Additionally, this book also challenges other ideologies such as behaviorism, which is the concept that your behavior is a consequence of your environment and history. Orr is a very strong and honest man, but yet has to undergo therapy for his “effective” dreaming condition. In contrast, Haber is a charming extrovert, who goes insane and almost destroys reality. From this viewpoint, the behavior of a character is determined not by their environment and history, but because of the power they had attained (which could be viewed as an environment, but not generally accepted that way). Furthermore, utilitarianism is questioned, as Haber had performed the “utilitarian” goal by attempting to create realities that maximized “utility”. However, in each situation, there was another issue that arose, that likely was worse than the issue that was resolved. Hence, the idea that the best thing a country can do for its people is one that maximizes utility is proven false in this story.
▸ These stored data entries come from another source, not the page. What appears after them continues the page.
lemma Kop_qbracket:
  assumes "s \<noteq> 0" "g \<in> invariants s"
  shows "Kop s (qbracket s g) = qbracket s g"
proof -
  have "g \<in> FA" using assms(2) by (simp add: invariants_def)
  note weight = invariant_weight(1)[OF assms(2)]
  have "kwt s w * qbracket s g w = qbracket s g w" for w
  proof -
    have "kwt s w * qbracket s g w
        = s ^ 2 * (kwt s w * lmul False (rmul True g) w) - kwt s w * lmul True (rmul False g) w"
      by (simp add: qbracket_def algebra_simps)
    also have "\<dots> = qbracket s g w"
      using assms(1) by (simp add: qbracket_def kwt_lmul kwt_rmul weight) (simp add: field_simps)
    finally show ?thesis .
  qed
  then show ?thesis
    unfolding Kop_eq[OF FA_qbracket[OF \<open>g \<in> FA\<close>]] by (rule ext)
qed

lemma Eop_qbracket:
  assumes "s \<noteq> 0" "g \<in> invariants s"
  shows "Eop s (qbracket s g) = (\<lambda>_. 0)"
proof
  fix v
  have g_inv: "g \<in> FA" "Eop s g = (\<lambda>_. 0)" using assms(2) by (auto simp: invariants_def)
  have lmul_rmul_FA: "lmul a (rmul b g) \<in> FA" for a b using g_inv(1) by (intro FA_lmul FA_rmul)
  note weight = invariant_weight[OF assms(2)]
  have "Eop s (rmul True g) = (\<lambda>w. - (s ^ 3) * rmul False g w)"
    by (rule ext) (simp add: Eop_rmul g_inv weight)
  then have "Eop s (lmul False (rmul True g)) v = - (s ^ 2) * lmul False (rmul False g) v"
    using assms(1) by (simp add: Eop_lmul FA_rmul g_inv power3_eq_cube power2_eq_square field_simps)
  moreover have "Eop s (rmul False g) = (\<lambda>_. 0)"
    by (rule ext) (simp add: Eop_rmul g_inv)
  then have "Eop s (lmul True (rmul False g)) v = - (s ^ 4) * lmul False (rmul False g) v"
    by (simp add: Eop_lmul FA_rmul g_inv kwt_rmul[of s _ False] weight power3_eq_cube power4_eq_xxxx)
  ultimately show "Eop s (qbracket s g) v = 0"
    unfolding qbracket_lincomb Eop_def lin_ext_lincomb[OF lmul_rmul_FA lmul_rmul_FA]
    by (simp add: Eop_def power2_eq_square power4_eq_xxxx)
qed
This story brings up so many interesting points about life and how humans view it. The main takeaway I see is that there is a natural order of life, and altering it will only result in nature rebalancing itself in likely a harsher way. By this logic, a Utopian society is unachievable and hence some force of destiny exists in this world. However, even though destiny might exist, it should not let you lose motivation to do anything. I believe its necessary to think that we have full control of our actions, but when the results are not as we expected (not-satisfactory), we should not get bummed out and lose motivation. Hence, believing that destiny exists gives a sort of reasoning to why the results may have been different than expected (but this should not be confused with as an excuse). We need to strive to be better each and every time. Frankly, a Utopian society seems boring, as conflict is what makes life interesting. This book is a must read for everyone.